# Week 3: Reinforcement Learning

## Table of Contents

---

## What is reinforcement learning?

Reinforcement Learning (RL) is a fundamental pillar of machine learning used to train an **agent** (like a robot or an algorithm) to make a sequence of decisions in an environment by maximizing a cumulative **reward**.

Instead of relying on labeled data (like supervised learning), RL uses a system of trial and error guided by a reward function.
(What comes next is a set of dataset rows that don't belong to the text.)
theorem lemma2p7:
  fixes N :: nat and p :: real
  assumes "N \<ge> 3"
    and "real N / (real N - 1) < p" and "p < 2"
  shows "\<exists>C>0. \<forall>t>0. \<forall>b :: real \<Rightarrow> real.
     continuous_on {0<..1} b \<longrightarrow>
     (\<forall>r\<in>{0<..1}. r powr ((2 - p) / (p - 1) + 2) * \<bar>b r\<bar> \<le> 1) \<longrightarrow>
     (\<exists>a a' a'' :: real \<Rightarrow> real.
        (\<forall>r\<in>{0<..1}. (a has_real_derivative a' r) (at r within {0<..1})) \<and>
        (\<forall>r\<in>{0<..<1}. (a' has_real_derivative a'' r) (at r)) \<and>
        (\<forall>r\<in>{0<..<1}.
           - a'' r - (real N - 1) * a' r / r
           + p * a' r / ((p - 1) / ((p - 1) * (real N - 1) - 1) * r
                         + t * r powr ((p - 1) * (real N - 1))) = b r) \<and>
        a 1 = 0 \<and>
        (\<forall>r\<in>{0<..1}. r powr ((2 - p) / (p - 1)) * \<bar>a r\<bar>
                        + r powr ((2 - p) / (p - 1) + 1) * \<bar>a' r\<bar> \<le> C))"
proof -
  interpret radial_exponents "real N" p
    using assms by unfold_locales auto
  have problem: "radial_problem (real N) p t b"
    if "0 < t" "continuous_on {0<..1} b" "\<forall>r\<in>{0<..1}. r powr (\<sigma> + 2) * \<bar>b r\<bar> \<le> 1" for t b
    using radial_exponents_axioms that by (simp add: radial_problem_def radial_problem_axioms_def)
  show ?thesis
  proof (rule exI[of _ "K / \<sigma> + K"], intro conjI allI impI)
    show "0 < K / \<sigma> + K" by (intro add_pos_pos divide_pos_pos K_pos sigma_pos)
  qed (use radial_problem.solution_exists[OF problem] in \<open>simp only: \<beta>_def \<xi>_def \<sigma>_def\<close>)
qed

end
### Core Concepts and Mechanism

* **Goal:** To find a function (often called a **policy**) that maps an observed **State** ($\mathbf{s}$) of the environment to an optimal **Action** ($\mathbf{a}$).
* **State ($\mathbf{s}$):** The agent's current situation or observation (e.g., a helicopter's position, orientation, and speed).
* **Action ($\mathbf{a}$):** A decision the agent makes (e.g., how to move the control sticks).
* **Reward Function:** The key input to RL, which tells the agent *when* it is doing well and *when* it is doing poorly.
    * **Incentive:** The agent's task is to figure out the sequence of actions that maximize the total cumulative reward over time.
    * **Example:** For a helicopter, reward may be **+1** for every second flying well and a large **negative reward** (e.g., -1000) for crashing.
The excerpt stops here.